━━━ Data provided

(* Let $\mathbf{c}\in H_{1,2,2}$ be primitive and let $p$ be a rational prime dividing $N(\mathbf{c})$. Then any left greatest common divisor of $\mathbf{c}$ and $p$ is a prime of $H_{1,2,2}$, and there is a unique primary element among the left greatest common divisors of $\mathbf{c}$ and $p$.
   Context: Let $\mathbf{i},\mathbf{j},\mathbf{k}$ be the standard quaternion units; $\overline{\mathbf{q}}$ is quaternion conjugation and $N(\mathbf{q})=\mathbf{q}\overline{\mathbf{q}}$. $H_{1,2,2}$ is the subring of the quaternions equal to the $\mathbb{Z}$-module generated by $\mathbf{v}_1=1$, $\mathbf{v}_2=\mathbf{i}$, $\mathbf{v}_3=\tfrac12(1+\mathbf{i}+\sqrt2\,\mathbf{j})$, $\mathbf{v}_4=\tfrac12(1+\mathbf{i}+\sqrt2\,\mathbf{k})$; it is norm Euclidean, so any two nonzero elements $\mathbf{a},\mathbf{b}$ have a left greatest common divisor $\mathbf{d}$: $\mathbf{a}=\mathbf{d}\mathbf{a}'$, $\mathbf{b}=\mathbf{d}\mathbf{b}'$ for some $\mathbf{a}',\mathbf{b}'\in H_{1,2,2}$ and $\mathbf{d}=\mathbf{a}\mathbf{x}+\mathbf{b}\mathbf{y}$ for some $\mathbf{x},\mathbf{y}\in H_{1,2,2}$; it is unique up to right multiplication by units (invertible elements). A prime of $H_{1,2,2}$ is a nonzero nonunit $\boldsymbol\pi$ such that any factorization $\boldsymbol\pi=\mathbf{a}\mathbf{b}$ in $H_{1,2,2}$ has $\mathbf{a}$ or $\mathbf{b}$ a unit. Let $I=2(1+\mathbf{i})H_{1,2,2}$. An element $\mathbf{q}$ is primary if $\mathbf{q}-1\in I$ or $\mathbf{q}-(1+2\mathbf{v}_3)\in I$. An element $\mathbf{c}=c_1\mathbf{v}_1+c_2\mathbf{v}_2+c_3\mathbf{v}_3+c_4\mathbf{v}_4$ ($c_i\in\mathbb{Z}$) is primitive if it is primary and $\gcd(c_1,c_2,c_3,c_4)=1$. *)

theory Defs
  imports Complex_Main "HOL-Computational_Algebra.Primes"
begin

datatype quat = Quat (qre: real) (qi: real) (qj: real) (qk: real)

instantiation quat :: "{zero, one, plus, minus, uminus, times}"
begin
definition "0 = Quat 0 0 0 0"
definition "1 = Quat 1 0 0 0"
definition "p + q = Quat (qre p + qre q) (qi p + qi q) (qj p + qj q) (qk p + qk q)"
definition "p - q = Quat (qre p - qre q) (qi p - qi q) (qj p - qj q) (qk p - qk q)"
definition "- q = Quat (- qre q) (- qi q) (- qj q) (- qk q)"
definition "p * q = Quat
   (qre p * qre q - qi p * qi q - qj p * qj q - qk p * qk q)
   (qre p * qi q + qi p * qre q + qj p * qk q - qk p * qj q)
   (qre p * qj q - qi p * qk q + qj p * qre q + qk p * qi q)
   (qre p * qk q + qi p * qj q - qj p * qi q + qk p * qre q)"
instance ..
end

definition qI :: quat where "qI = Quat 0 1 0 0"
definition qJ :: quat where "qJ = Quat 0 0 1 0"
definition qK :: quat where "qK = Quat 0 0 0 1"

definition qreal :: "real \<Rightarrow> quat" where "qreal r = Quat r 0 0 0"

definition qconj :: "quat \<Rightarrow> quat" where
  "qconj q = Quat (qre q) (- qi q) (- qj q) (- qk q)"
definition qN :: "quat \<Rightarrow> quat" where "qN q = q * qconj q"

definition v1 :: quat where "v1 = 1"
definition v2 :: quat where "v2 = qI"
definition v3 :: quat where "v3 = qreal (1/2) * (1 + qI + qreal (sqrt 2) * qJ)"
definition v4 :: quat where "v4 = qreal (1/2) * (1 + qI + qreal (sqrt 2) * qK)"

definition Hcomb :: "int \<Rightarrow> int \<Rightarrow> int \<Rightarrow> int \<Rightarrow> quat" where
  "Hcomb c1 c2 c3 c4 = qreal (of_int c1) * v1 + qreal (of_int c2) * v2
                     + qreal (of_int c3) * v3 + qreal (of_int c4) * v4"

definition H122 :: "quat set" where
  "H122 = {Hcomb c1 c2 c3 c4 | c1 c2 c3 c4. True}"

definition Hunit :: "quat \<Rightarrow> bool" where
  "Hunit u \<longleftrightarrow> u \<in> H122 \<and> (\<exists>v\<in>H122. u * v = 1 \<and> v * u = 1)"

definition Hprime :: "quat \<Rightarrow> bool" where
  "Hprime \<pi> \<longleftrightarrow> \<pi> \<in> H122 \<and> \<pi> \<noteq> 0 \<and> \<not> Hunit \<pi> \<and>
     (\<forall>a\<in>H122. \<forall>b\<in>H122. \<pi> = a * b \<longrightarrow> Hunit a \<or> Hunit b)"

definition left_gcd :: "quat \<Rightarrow> quat \<Rightarrow> quat \<Rightarrow> bool" where
  "left_gcd a b d \<longleftrightarrow> d \<in> H122 \<and>
     (\<exists>a'\<in>H122. a = d * a') \<and> (\<exists>b'\<in>H122. b = d * b') \<and>
     (\<exists>x\<in>H122. \<exists>y\<in>H122. d = a * x + b * y)"

definition Iideal :: "quat set" where
  "Iideal = {qreal 2 * (1 + qI) * h | h. h \<in> H122}"

definition primary :: "quat \<Rightarrow> bool" where
  "primary q \<longleftrightarrow> q \<in> H122 \<and>
     (q - 1 \<in> Iideal \<or> q - (1 + qreal 2 * v3) \<in> Iideal)"

definition primitive :: "quat \<Rightarrow> bool" where
  "primitive c \<longleftrightarrow> primary c \<and>
     (\<exists>c1 c2 c3 c4. c = Hcomb c1 c2 c3 c4 \<and> gcd (gcd c1 c2) (gcd c3 c4) = 1)"

end

(*
  H_{1,2,2} has integral coordinates in the basis v1, v2, v3, v4, in which the norm is the
  integral form a^2 + b^2 + (a + b)(c + d) + c^2 + cd + d^2, and every quaternion lies within
  norm 3/4 of H_{1,2,2}.  Hence left division with remainder works, and an element of least norm
  in cH + pH is a left gcd d of c and p.

  From p = d b' we get N(d) N(b') = p^2, so N(d) is 1, p or p^2.  If N(d) = 1, then
  conj(c) = conj(c) d conj(d) lies in pH, because conj(c) d = N(c) x + p conj(c) y and p divides
  N(c).  If N(d) = p^2, then b' is a unit and d lies in pH.  Either way c lies in pH, which
  primitivity excludes.  So N(d) = p, and d is prime.

  Two left gcds differ by a unit factor on the right, and the units are the 24 elements of
  norm 1.  Since 4 H_{1,2,2} is contained in I, whether d u is primary depends only on d modulo
  4, and a finite computation shows that an element of odd norm has exactly one primary right
  associate.  N(d) = p is odd because the primary element c has odd norm.
*)

theory Submission
  imports Defs "HOL-Library.Product_Plus"
begin

section \<open>Quaternion arithmetic\<close>

lemma quat_eqI:
  "qre a = qre b \<Longrightarrow> qi a = qi b \<Longrightarrow> qj a = qj b \<Longrightarrow> qk a = qk b \<Longrightarrow> a = b"
  by (cases a; cases b) auto

lemmas quat_arith_defs =
  zero_quat_def one_quat_def plus_quat_def minus_quat_def uminus_quat_def times_quat_def

instance quat :: ring_1
  by standard (auto intro!: quat_eqI simp: quat_arith_defs algebra_simps)

definition qnorm :: "quat \<Rightarrow> real" where
  "qnorm q = qre q ^ 2 + qi q ^ 2 + qj q ^ 2 + qk q ^ 2"

lemma qreal_mult_commute: "qreal r * q = q * qreal r"
  by (auto intro!: quat_eqI simp: qreal_def quat_arith_defs)

lemma qreal_mult_qreal: "qreal r * qreal s = qreal (r * s)"
  by (auto intro!: quat_eqI simp: qreal_def quat_arith_defs)

lemma qreal_1 [simp]: "qreal 1 = 1"
  by (simp add: qreal_def one_quat_def)

lemma qreal_eq_iff [simp]: "qreal r = qreal s \<longleftrightarrow> r = s"
  by (simp add: qreal_def)

lemma qreal_eq_0_iff [simp]: "qreal r = 0 \<longleftrightarrow> r = 0"
  by (simp add: qreal_def zero_quat_def)

lemma qconj_mult: "qconj (a * b) = qconj b * qconj a"
  by (auto intro!: quat_eqI simp: qconj_def quat_arith_defs algebra_simps)

lemma qconj_qconj [simp]: "qconj (qconj a) = a"
  by (auto intro!: quat_eqI simp: qconj_def)

lemma qconj_qreal [simp]: "qconj (qreal r) = qreal r"
  by (auto intro!: quat_eqI simp: qconj_def qreal_def)

lemma mult_qconj: "q * qconj q = qreal (qnorm q)"
  by (auto intro!: quat_eqI simp: qconj_def quat_arith_defs qreal_def qnorm_def
      power2_eq_square algebra_simps)

lemma qconj_mult_self: "qconj q * q = qreal (qnorm q)"
  by (auto intro!: quat_eqI simp: qconj_def quat_arith_defs qreal_def qnorm_def
      power2_eq_square algebra_simps)

lemma qN_eq_qreal_qnorm: "qN q = qreal (qnorm q)"
  by (simp add: qN_def mult_qconj)

lemma qnorm_mult: "qnorm (a * b) = qnorm a * qnorm b"
  by (simp add: qnorm_def quat_arith_defs power2_eq_square algebra_simps)

lemma qnorm_qreal: "qnorm (qreal r) = r ^ 2"
  by (simp add: qnorm_def qreal_def)

lemma qnorm_1 [simp]: "qnorm 1 = 1"
  by (simp add: qnorm_def one_quat_def)

lemma qnorm_nonneg: "qnorm q \<ge> 0"
  by (simp add: qnorm_def)

lemma qnorm_eq_0_iff: "qnorm q = 0 \<longleftrightarrow> q = 0"
proof
  assume "qnorm q = 0"
  then have "qre q = 0 \<and> qi q = 0 \<and> qj q = 0 \<and> qk q = 0"
    unfolding qnorm_def by (simp add: add_nonneg_eq_0_iff)
  then show "q = 0"
    by (auto intro: quat_eqI simp: zero_quat_def)
qed (simp add: qnorm_def zero_quat_def)

instance quat :: ring_1_no_zero_divisors
proof
  fix a b :: quat
  assume "a \<noteq> 0" "b \<noteq> 0"
  then show "a * b \<noteq> 0"
    by (simp flip: qnorm_eq_0_iff add: qnorm_mult)
qed

lemma right_inverse_quat: "d \<noteq> 0 \<Longrightarrow> d * (qreal (1 / qnorm d) * qconj d) = 1"
proof -
  assume "d \<noteq> 0"
  have "d * (qreal (1 / qnorm d) * qconj d) = qreal (1 / qnorm d) * (d * qconj d)"
    by (metis mult.assoc qreal_mult_commute)
  also have "\<dots> = 1"
    using \<open>d \<noteq> 0\<close> by (simp add: mult_qconj qreal_mult_qreal qnorm_eq_0_iff)
  finally show ?thesis .
qed

section \<open>Coordinates in the basis v1, v2, v3, v4\<close>

type_synonym coords = "int \<times> int \<times> int \<times> int"

fun of_coords :: "coords \<Rightarrow> quat" where
  "of_coords (a, b, c, d) = Hcomb a b c d"

declare of_coords.simps [simp del]

fun coords_mult :: "coords \<Rightarrow> coords \<Rightarrow> coords" where
  "coords_mult (a1, a2, a3, a4) (b1, b2, b3, b4) =
    (a1*b1 - a2*b2 - a2*b3 - a3*b3 - a4*b2 - a4*b3 - a4*b4,
     a1*b2 + a2*b1 + a2*b4 + a3*b2 + a3*b4 - a4*b3,
     a1*b3 - a2*b4 + a3*b1 + a3*b3 + a4*b2 + a4*b3,
     a1*b4 + a2*b3 - a3*b2 + a4*b1 + a4*b3 + a4*b4)"

fun norm_form :: "coords \<Rightarrow> int" where
  "norm_form (a, b, c, d) = a^2 + b^2 + (a + b) * (c + d) + c^2 + c * d + d^2"

lemma Hcomb_eq_Quat:
  "Hcomb a b c d = Quat (a + (c + d) / 2) (b + (c + d) / 2) (c * sqrt 2 / 2) (d * sqrt 2 / 2)"
  by (simp add: Hcomb_def v1_def v2_def v3_def v4_def qreal_def qI_def qJ_def qK_def
      quat_arith_defs algebra_simps add_divide_distrib)

lemma H122_iff_of_coords: "q \<in> H122 \<longleftrightarrow> (\<exists>e. q = of_coords e)"
proof
  assume "q \<in> H122"
  then obtain a b c d where "q = Hcomb a b c d"
    unfolding H122_def by blast
  then show "\<exists>e. q = of_coords e"
    by (intro exI[of _ "(a, b, c, d)"]) (simp add: of_coords.simps)
next
  assume "\<exists>e. q = of_coords e"
  then obtain a b c d where "q = of_coords (a, b, c, d)"
    by (metis prod_cases4)
  then show "q \<in> H122"
    unfolding H122_def by (auto simp: of_coords.simps)
qed

lemma of_coords_in_H122 [simp]: "of_coords e \<in> H122"
  unfolding H122_iff_of_coords by blast

lemma of_coords_add: "of_coords (e + f) = of_coords e + of_coords f"
  by (cases e rule: prod_cases4; cases f rule: prod_cases4)
    (auto intro!: quat_eqI simp: of_coords.simps Hcomb_eq_Quat quat_arith_defs algebra_simps
      add_divide_distrib)

lemma of_coords_diff: "of_coords (e - f) = of_coords e - of_coords f"
  by (cases e rule: prod_cases4; cases f rule: prod_cases4)
    (auto intro!: quat_eqI simp: of_coords.simps Hcomb_eq_Quat quat_arith_defs algebra_simps
      diff_divide_distrib)

lemma of_coords_mult: "of_coords e * of_coords f = of_coords (coords_mult e f)"
  by (cases e rule: prod_cases4; cases f rule: prod_cases4)
    (auto intro!: quat_eqI simp: of_coords.simps Hcomb_eq_Quat quat_arith_defs algebra_simps
      add_divide_distrib diff_divide_distrib)

lemma of_coords_inject [simp]: "of_coords e = of_coords f \<longleftrightarrow> e = f"
proof
  assume eq: "of_coords e = of_coords f"
  obtain a b c d a' b' c' d' where ef: "e = (a, b, c, d)" "f = (a', b', c', d')"
    by (metis prod_cases4)
  have "c = c'" "d = d'"
    using arg_cong[OF eq, of qj] arg_cong[OF eq, of qk]
    by (simp_all add: ef of_coords.simps Hcomb_eq_Quat)
  moreover have "a = a'" "b = b'"
    using arg_cong[OF eq, of qre] arg_cong[OF eq, of qi] calculation
    by (simp_all add: ef of_coords.simps Hcomb_eq_Quat)
  ultimately show "e = f" by (simp add: ef)
qed simp
lemma forced_pairs_subset: "forced_pairs \<subseteq> all_pairs n"
proof
  fix q assume "q \<in> forced_pairs"
  then obtain p where "p \<in> all_pairs k" "q = upper p"
    unfolding forced_pairs_def moved_pairs_def by blast
  then show "q \<in> all_pairs n"
    using image_mem_all_pairs all_pairs_mono[OF size] unfolding upper_def by auto
qed

lemma card_embedding_graphs_le:
  "real (card {E \<in> labeled_graphs n. embeds_prefix E k \<sigma>}) \<le> 2 ^ card (all_pairs n) / 2 ^ card forced_pairs"
proof (rule card_le_two_pow_if_determined[OF finite_all_pairs, where rank = set_encode])
  show "forced_pairs \<subseteq> all_pairs n"
    by (rule forced_pairs_subset)
  show "{E \<in> labeled_graphs n. embeds_prefix E k \<sigma>} \<subseteq> Pow (all_pairs n)"
    unfolding labeled_graphs_def by blast
next
  fix q assume "q \<in> forced_pairs"
  then obtain p where p: "p \<in> all_pairs k" "\<sigma> ` p \<noteq> p" and q: "q = upper p"
    unfolding forced_pairs_def moved_pairs_def by blast
  have "finite p"
    using p(1) unfolding all_pairs_def by (auto intro: card_ge_0_finite)
  then have "set_encode (\<sigma> ` p) \<noteq> set_encode p"
    using p(2) by (simp add: set_encode_eq)
  then have "set_encode (if q = p then \<sigma> ` p else p) < set_encode q"
    unfolding q upper_def by auto
  moreover have "\<forall>E \<in> {E \<in> labeled_graphs n. embeds_prefix E k \<sigma>}.
      q \<in> E \<longleftrightarrow> (if q = p then \<sigma> ` p else p) \<in> E"
    using pair_mem_iff_image_mem[OF _ p(1)] unfolding q upper_def by auto
  ultimately show "\<exists>z. set_encode z < set_encode q \<and>
      (\<forall>E \<in> {E \<in> labeled_graphs n. embeds_prefix E k \<sigma>}. q \<in> E \<longleftrightarrow> z \<in> E)"
    by blast
qed

lemma card_moved_escaping_pairs_le: "card moved_pairs + card escaping_pairs \<le> 2 * card forced_pairs"
proof -
  define ascending where "ascending = {p \<in> moved_pairs. set_encode p < set_encode (\<sigma> ` p)}"
  have fin: "finite moved_pairs" "finite escaping_pairs" "finite forced_pairs"
    using finite_all_pairs[of k] unfolding moved_pairs_def escaping_pairs_def forced_pairs_def by auto
  have inj_asc: "inj_on ((`) \<sigma>) ascending" and inj_esc: "inj_on ((`) \<sigma>) escaping_pairs"
    using inj_on_subset[OF inj_on_image_all_pairs]
    unfolding ascending_def moved_pairs_def escaping_pairs_def by auto
  have "card ascending = card ((`) \<sigma> ` ascending)"
    using inj_asc by (simp add: card_image)
  also have "\<dots> \<le> card forced_pairs"
    using fin(3) by (intro card_mono) (auto simp: ascending_def forced_pairs_def upper_def)
  finally have asc: "card ascending \<le> card forced_pairs" .
  have "escaping_pairs \<subseteq> ascending"
  proof
    fix p assume p: "p \<in> escaping_pairs"
    then obtain x where x: "x \<in> p" "k \<le> \<sigma> x"
      unfolding escaping_pairs_def by (auto simp: image_subset_iff not_less)
    have pk: "p \<subseteq> {0..<k}" "finite p"
      using p unfolding escaping_pairs_def all_pairs_def by (auto intro: card_ge_0_finite)
    have "set_encode p < 2 ^ k"
      using pk(1) by (rule set_encode_less_two_pow)
    also have "\<dots> \<le> 2 ^ \<sigma> x"
      using x(2) by simp
    also have "\<dots> \<le> set_encode (\<sigma> ` p)"
      using x(1) pk(2) by (intro two_pow_le_set_encode) auto
    finally show "p \<in> ascending"
      using p unfolding ascending_def moved_pairs_def escaping_pairs_def by auto
  qed
  then have "card escaping_pairs + card (moved_pairs - ascending) =
      card ((`) \<sigma> ` escaping_pairs \<union> (moved_pairs - ascending))"
    using fin inj_esc
    by (subst card_Un_disjoint) (auto simp: card_image moved_pairs_def escaping_pairs_def all_pairs_def)
  also have "\<dots> \<le> card forced_pairs"
    using fin(3) \<open>escaping_pairs \<subseteq> ascending\<close>
    by (intro card_mono) (auto simp: ascending_def forced_pairs_def upper_def)
  finally have "card escaping_pairs + card (moved_pairs - ascending) \<le> card forced_pairs" .
  moreover have "card moved_pairs = card ascending + card (moved_pairs - ascending)"
    using fin(1) card_Diff_subset[of ascending moved_pairs] card_mono[of moved_pairs ascending]
    unfolding ascending_def by (auto intro: finite_subset)
  ultimately show ?thesis
    using asc by linarith
qed

lemma card_moved_points_le: "card {x \<in> {0..<k}. \<sigma> x \<noteq> x} * (k - 2) \<le> 2 * card moved_pairs"
proof (rule card_mult_le_double_count)
  show "finite moved_pairs"
    using finite_all_pairs[of k] unfolding moved_pairs_def by simp
  show "card p = 2" if "p \<in> moved_pairs" for p
    using that unfolding moved_pairs_def all_pairs_def by simp
  fix x assume x: "x \<in> {x \<in> {0..<k}. \<sigma> x \<noteq> x}"
  have "card {x, \<sigma> x} \<le> 2"
    by (cases "\<sigma> x = x") auto
  then have "k - 2 \<le> card ({0..<k} - {x, \<sigma> x})"
    using diff_card_le_card_Diff[of "{x, \<sigma> x}" "{0..<k}"] by simp
  also have "\<dots> \<le> card {p \<in> moved_pairs. x \<in> p}"
  proof (rule card_le_card_pairs_containing)
    show "finite moved_pairs"
      using finite_all_pairs[of k] unfolding moved_pairs_def by simp
    fix y assume y: "y \<in> {0..<k} - {x, \<sigma> x}"
    then have "\<sigma> ` {x, y} \<noteq> {x, y}"
      using x by (auto simp: doubleton_eq_iff)
    then show "{x, y} \<in> moved_pairs"
      using x y unfolding moved_pairs_def by (auto intro: doubleton_mem_all_pairs)
  qed simp
  finally show "k - 2 \<le> card {p \<in> moved_pairs. x \<in> p}" .
qed simp

lemma card_escaping_points_le: "card {x \<in> {0..<k}. k \<le> \<sigma> x} * (k - 1) \<le> 2 * card escaping_pairs"
proof (rule card_mult_le_double_count)
  show "finite escaping_pairs"
    using finite_all_pairs[of k] unfolding escaping_pairs_def by simp
  show "card p = 2" if "p \<in> escaping_pairs" for p
    using that unfolding escaping_pairs_def all_pairs_def by simp
  fix x assume x: "x \<in> {x \<in> {0..<k}. k \<le> \<sigma> x}"
  then have "k - 1 = card ({0..<k} - {x})"
    by simp
  also have "\<dots> \<le> card {p \<in> escaping_pairs. x \<in> p}"
  proof (rule card_le_card_pairs_containing)
    show "finite escaping_pairs"
      using finite_all_pairs[of k] unfolding escaping_pairs_def by simp
    fix y assume "y \<in> {0..<k} - {x}"
    then show "{x, y} \<in> escaping_pairs"
      using x unfolding escaping_pairs_def by (auto intro: doubleton_mem_all_pairs)
  qed simp
  finally show "k - 1 \<le> card {p \<in> escaping_pairs. x \<in> p}" .
qed simp

lemma sum_displacement:
  "(\<Sum>x\<in>{0..<k}. displacement k x (\<sigma> x)) = card {x \<in> {0..<k}. \<sigma> x \<noteq> x} + card {x \<in> {0..<k}. k \<le> \<sigma> x}"
proof -
  have "displacement k x (\<sigma> x) = of_bool (\<sigma> x \<noteq> x) + of_bool (k \<le> \<sigma> x)" if "x < k" for x
    using that unfolding displacement_def by auto
  then have "(\<Sum>x\<in>{0..<k}. displacement k x (\<sigma> x)) =
      (\<Sum>x\<in>{0..<k}. of_bool (\<sigma> x \<noteq> x)) + (\<Sum>x\<in>{0..<k}. of_bool (k \<le> \<sigma> x))"
    by (simp add: sum.distrib)
  also have "\<dots> = card {x \<in> {0..<k}. \<sigma> x \<noteq> x} + card {x \<in> {0..<k}. k \<le> \<sigma> x}"
    by (simp add: Int_def)
  finally show ?thesis .
qed

lemma sum_displacement_le_forced_pairs:
  "(\<Sum>x\<in>{0..<k}. displacement k x (\<sigma> x)) * (k - 2) \<le> 4 * card forced_pairs"
proof -
  have "card {x \<in> {0..<k}. k \<le> \<sigma> x} * (k - 2) \<le> card {x \<in> {0..<k}. k \<le> \<sigma> x} * (k - 1)"
    by (rule mult_le_mono2) simp
  then have "(\<Sum>x\<in>{0..<k}. displacement k x (\<sigma> x)) * (k - 2) \<le>
      2 * card moved_pairs + 2 * card escaping_pairs"
    using card_moved_points_le card_escaping_points_le
    unfolding sum_displacement add_mult_distrib by linarith
  then show ?thesis
    using card_moved_escaping_pairs_le by simp
qed

lemma card_embedding_graphs_le_displacement:
  assumes "2 \<le> k"
  shows "real (card {E \<in> labeled_graphs n. embeds_prefix E k \<sigma>}) \<le>
    2 ^ card (all_pairs n) * (\<Prod>x\<in>{0..<k}. (2 powr (- (real k - 2) / 4)) ^ displacement k x (\<sigma> x))"
proof -
  define d where "d = (\<Sum>x\<in>{0..<k}. displacement k x (\<sigma> x))"
  have "real (d * (k - 2)) \<le> real (4 * card forced_pairs)"
    unfolding d_def of_nat_le_iff by (rule sum_displacement_le_forced_pairs)
  then have "2 powr (- real (card forced_pairs)) \<le> 2 powr (- (real k - 2) / 4 * real d)"
    using assms by (intro powr_mono) (auto simp: of_nat_diff algebra_simps)
  also have "\<dots> = (2 powr (- (real k - 2) / 4)) ^ d"
    by (simp add: powr_power mult.commute)
  also have "\<dots> = (\<Prod>x\<in>{0..<k}. (2 powr (- (real k - 2) / 4)) ^ displacement k x (\<sigma> x))"
    unfolding d_def by (rule power_sum)
  finally have weight: "2 powr (- real (card forced_pairs)) \<le>
      (\<Prod>x\<in>{0..<k}. (2 powr (- (real k - 2) / 4)) ^ displacement k x (\<sigma> x))" .
  have "real (card {E \<in> labeled_graphs n. embeds_prefix E k \<sigma>}) \<le>
      2 ^ card (all_pairs n) / 2 ^ card forced_pairs"
    by (rule card_embedding_graphs_le)
  also have "\<dots> = 2 ^ card (all_pairs n) * 2 powr (- real (card forced_pairs))"
    by (simp add: powr_minus powr_realpow divide_inverse)
  also have "\<dots> \<le> 2 ^ card (all_pairs n) *
      (\<Prod>x\<in>{0..<k}. (2 powr (- (real k - 2) / 4)) ^ displacement k x (\<sigma> x))"
    using weight by simp
  finally show ?thesis .
qed

end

━━━━━━

**What is needed**
Go through the data and return each line where the word "close" appears.

**Answer for the task**
section \<open>Quaternion arithmetic\<close>
    using \<open>d \<noteq> 0\<close> by (simp add: mult_qconj qreal_mult_qreal qnorm_eq_0_iff)
section \<open>Coordinates in the basis v1, v2, v3, v4\<close>
    using fin(3) \<open>escaping_pairs \<subseteq> ascending\<close>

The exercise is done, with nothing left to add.